Well, I thought I'd wait till Santa and others had also finished reading it, but what the heck.

I didn't care for it. Plot-wise, I was vaguely reminded of one of my favourite novels, Sebastian Faulks' ENGLEBY (2007), but while I also enjoyed Percy's turn of phrase (the man definitely knew his way around the English language) and the Louisiana setting I found the whole Southern Gothic/trouble-behind-those-white-picket-fences thing unoriginal and uninteresting.

The so-called big plot revelation is telegraphed pretty much from the first page, and so there's no suspense regarding the depths of madness to which the protagonist eventually descends. Worse, none of the characters came to life for me or had any real credibility. I didn't buy it when Lancelot hands Elgin, a poor college student, the princely (and in those days, erm, emperor-ish) sum of $75,000 and the latter doesn't even bat an eyelid.

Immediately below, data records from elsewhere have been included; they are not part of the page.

definition descendants :: "('v \<times> 'v) set \<Rightarrow> 'v \<Rightarrow> 'v set" where
  "descendants E v = {w. (v, w) \<in> E\<^sup>*}"

definition is_path :: "('v \<times> 'v) set \<Rightarrow> 'v list \<Rightarrow> bool" where
  "is_path E p \<longleftrightarrow> p \<noteq> [] \<and> distinct p \<and>
     (\<forall>i. Suc i < length p \<longrightarrow> (p ! i, p ! Suc i) \<in> E \<or> (p ! Suc i, p ! i) \<in> E)"

definition is_collider :: "('v \<times> 'v) set \<Rightarrow> 'v list \<Rightarrow> nat \<Rightarrow> bool" where
  "is_collider E p i \<longleftrightarrow> (p ! (i - 1), p ! i) \<in> E \<and> (p ! Suc i, p ! i) \<in> E"

definition d_open :: "('v \<times> 'v) set \<Rightarrow> 'v set \<Rightarrow> 'v list \<Rightarrow> bool" where
  "d_open E Z p \<longleftrightarrow> (\<forall>i. 0 < i \<and> Suc i < length p \<longrightarrow>
      (is_collider E p i \<longrightarrow> descendants E (p ! i) \<inter> Z \<noteq> {}) \<and>
      (\<not> is_collider E p i \<longrightarrow> p ! i \<notin> Z))"

text \<open>d-separation of X and Y given Z (convention: vertices of X, Y lying in Z
  are dropped, i.e. X \<perp> Y | Z iff X - Z and Y - Z are d-separated given Z).\<close>
definition dsep :: "('v \<times> 'v) set \<Rightarrow> 'v set \<Rightarrow> 'v set \<Rightarrow> 'v set \<Rightarrow> bool" where
  "dsep E X Y Z \<longleftrightarrow> \<not> (\<exists>p. is_path E p \<and> hd p \<in> X - Z \<and> last p \<in> Y - Z \<and> d_open E Z p)"

definition Gprime :: "('v \<times> 'v) set \<Rightarrow> 'v \<Rightarrow> 'v \<Rightarrow> ('v \<times> 'v) set" where
  "Gprime E A Y = E - {(A, Y)}"

text \<open>Valid adjustment set (graphical characterization given in the context).\<close>
definition valid_adj :: "'v set \<Rightarrow> ('v \<times> 'v) set \<Rightarrow> 'v \<Rightarrow> 'v \<Rightarrow> 'v set \<Rightarrow> bool" where
  "valid_adj V E A Y Z \<longleftrightarrow> Z \<subseteq> V - {A, Y} \<and> dsep (Gprime E A Y) {A} {Y} Z"

definition irreducible_adj :: "'v set \<Rightarrow> ('v \<times> 'v) set \<Rightarrow> 'v \<Rightarrow> 'v \<Rightarrow> 'v set \<Rightarrow> 'v set \<Rightarrow> bool" where
  "irreducible_adj V E A Y K Z \<longleftrightarrow> valid_adj V E A Y Z \<and> K \<subseteq> Z \<and>
     (\<forall>Z'. Z' \<subset> Z \<and> K \<subseteq> Z' \<longrightarrow> \<not> valid_adj V E A Y Z')"

definition precision_vars :: "'v set \<Rightarrow> ('v \<times> 'v) set \<Rightarrow> 'v \<Rightarrow> 'v \<Rightarrow> 'v set" where
  "precision_vars V E A Y = {v \<in> V - {A, Y}.
      (\<forall>K. K \<subseteq> V - {A, Y} \<longrightarrow> dsep (Gprime E A Y) {v} {A} K) \<and>
      (\<exists>L. L \<subseteq> V - {A, Y} \<and> \<not> dsep (Gprime E A Y) {v} {Y} L)}"

definition suboptimal_precision_vars :: "'v set \<Rightarrow> ('v \<times> 'v) set \<Rightarrow> 'v \<Rightarrow> 'v \<Rightarrow> 'v set" where
  "suboptimal_precision_vars V E A Y = {p \<in> precision_vars V E A Y.
      \<exists>q \<in> precision_vars V E A Y. q \<noteq> p \<and>
        (\<forall>Z. Z \<subseteq> V - {A, Y} \<longrightarrow> dsep (Gprime E A Y) {p} {Y} ({q} \<union> Z))}"

definition ext_confounding_vars :: "'v set \<Rightarrow> ('v \<times> 'v) set \<Rightarrow> 'v \<Rightarrow> 'v \<Rightarrow> 'v set" where
  "ext_confounding_vars V E A Y = {v \<in> V - {A, Y}.
      (\<exists>K. K \<subseteq> V - {A, Y} \<and> \<not> dsep (Gprime E A Y) {v} {A} K) \<and>
      (\<exists>L. L \<subseteq> V - {A, Y} \<and> \<not> dsep (Gprime E A Y) {v} {Y} L)}"

end

theory Submission
  imports Defs
begin

text \<open>All arguments take place in the undirected skeleton of the graph with the
  outcome Y deleted. Since nothing but A and Y descends from A, the outcome Y is a
  sink, so a d-connecting path given a set avoiding Y never runs through Y and hence
  connects its end points in that skeleton. A precision variable, however, is not
  connected to A there: a simple path to A avoiding Y would be d-connecting given
  the set of its own colliders. Each claim is proved by turning a hypothetical
  d-connecting path into such a forbidden connection; of the irreducibility of
  Z \<union> P \<union> U only its validity is needed.\<close>

definition skeleton_minus :: "('v \<times> 'v) set \<Rightarrow> 'v \<Rightarrow> ('v \<times> 'v) set" where
  "skeleton_minus F Y = {(x, y). ((x, y) \<in> F \<or> (y, x) \<in> F) \<and> x \<noteq> Y \<and> y \<noteq> Y}"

Of course, LANCELOT is less a novel than a philosophical treatise, and I suppose it's interesting enough in that regard, but I dunno: I wish it had a bit more to offer. Now, maybe it does and it simply went over my head. I agree with Tom Conoboy's observation: "It is not a novel one could say one enjoys, exactly, but in terms of craft there is much here to admire."* Sadly, though, I don't find anything else to admire beyond Percy's occasionally striking wordsmithery.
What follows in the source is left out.